The following article was written by Christine Jardine, Liberal Democrat MP for Edinburgh West and published yesterday on the Lib Dem Voice Website.

‘No taxation without representation’ was the call to arms which shook Westminster to its very core, and drove the American Revolution.

And yet nearly 250 years later here we are again. In this country today 16 and 17 year olds can pay tax and national insurance, and yet they have no say, no representation in how that money they contribute to the public purse is spent.

They can also get married and join the armed forces, but they cannot vote and have no say in our society’s decisions on their future. Yet, nobody has provided a reasonable explanation as to why. There have been plenty of excuses but no explanations.

It frustrates me because I have witnessed first-hand what a difference it makes to our politics, and what a contrast there is when sixteen and seventeen year olds join the debate.

On the eve of the European elections in May 2014, I spent the evening with a group of my daughter’s friends.

It was her 16th birthday. They knew I was involved in both the European elections and the forthcoming Scottish Independence Referendum campaign and wanted to chat.

The conversations I had that night were some of the most enlightened, challenging and informed of the entire European or Independence referendum campaigns.

At one point, I noticed that even though there was a constant stream of questions a few of the people were also all on their phones.

I was on the brink of being disappointed, when I discovered that they were actually texting other friends who were sending back their own questions to ask.

Imagine that? Young people so desperately keen to understand and be involved in the democratic process.

All of them engaged, all of them informed, all of them keen to make a positive difference and yet none of them entitled to vote the next day.

Six months later they were all entitled to vote in the Independence Referendum and I happen to know that every single one of them did.

During that referendum campaign in Scotland, every 16-year-old I spoke to had something that perhaps some older voters, perhaps even some of us in Westminster have lost – a willingness to listen to ideas and an enthusiasm.

It enriched that campaign on both sides and created a genuine feeling that politics at that moment involved everyone, in a decision that would affect all our futures.

In the campaigns since I have met many sixteen and seventeen year olds on doorsteps, quite often they’ve asked where my party stands on the voting age.
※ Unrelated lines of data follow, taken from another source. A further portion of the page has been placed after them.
lemma cnb_graph_with_color_gap:
  fixes N :: int
  assumes "1 \<le> k"
  shows "\<exists>(V :: nat set) E c. simple_graph V E \<and> cnb_coloring k V E c \<and>
    (\<forall>b\<in>{1..k}. b \<noteq> 1 \<longrightarrow> N \<le> int (card {v \<in> V. c v = b}) - int (card {v \<in> V. c v = 1}))"
proof -
  define m where "m = nat N + 1"
  obtain V :: "nat set" and E c where "simple_graph V E" "cnb_coloring k V E c"
    and count_1: "card {v \<in> V. c v = 1} = m"
    and count_b: "\<forall>b\<in>{2..k}. card {v \<in> V. c v = b} = m * m"
    using exists_cnb_coloring_class_sizes[OF assms] by blast
  moreover have "N \<le> int (card {v \<in> V. c v = b}) - int (card {v \<in> V. c v = 1})"
    if "b \<in> {1..k}" "b \<noteq> 1" for b
    using that count_1 count_b square_gap[of m N 0 0 0] by (simp add: m_def)
  ultimately show ?thesis by blast
qed

theorem corollary2p14:
  fixes k :: nat
  assumes "k \<ge> 2"
  shows "(\<forall>(V :: 'a set) E c (N :: int). simple_graph V E \<and> cnb_coloring k V E c \<and> N \<ge> 0 \<longrightarrow>
            (\<exists>(V' :: ('a + nat) set) E' f c' a.
               simple_graph V' E' \<and> induced_embedding f V E V' E' \<and> cnb_coloring k V' E' c' \<and>
               a \<in> {1..k} \<and>
               (\<forall>b\<in>{1..k}. b \<noteq> a \<longrightarrow>
                  int (card {v \<in> V'. c' v = b}) - int (card {v \<in> V'. c' v = a}) \<ge> N)))
       \<and> (\<forall>N :: int. \<exists>(V :: nat set) E c a.
            simple_graph V E \<and> cnb_coloring k V E c \<and> a \<in> {1..k} \<and>
            (\<forall>b\<in>{1..k}. b \<noteq> a \<longrightarrow>
               int (card {v \<in> V. c v = b}) - int (card {v \<in> V. c v = a}) \<ge> N))"
proof -
  have k: "1 \<le> k" and one: "(1 :: nat) \<in> {1..k}" using assms by simp_all
  show ?thesis
    using cnb_supergraph_with_color_gap[OF k] cnb_graph_with_color_gap[OF k] one by blast
qed

end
I’m proud to tell them we support votes at 16.

But more than that I know they are storing that information away for the first, or in Scotland the next, time they go into a polling booth.

Today, we had the chance to say yes and to send out a message which says that we respect our young people.

We had a chance to harness their enthusiasm, the fresh ideas and energetic approach of our 16 and 17 year olds.

All commodities often in short supply these days.

Sixteen and seventeen year olds will have watched the debate today in Westminster and paid close attention to how we dealt with this issue.

The party which failed to support this Bill will be remembered by sixteen and seventeen year olds the next time they go into the polling booths after their eighteenth Birthday.

As an MP, I know that we are the temporary guardians of their future and that they have a right to help determine what that future is.

I will continue the fight for votes for sixteen and seventeen year olds.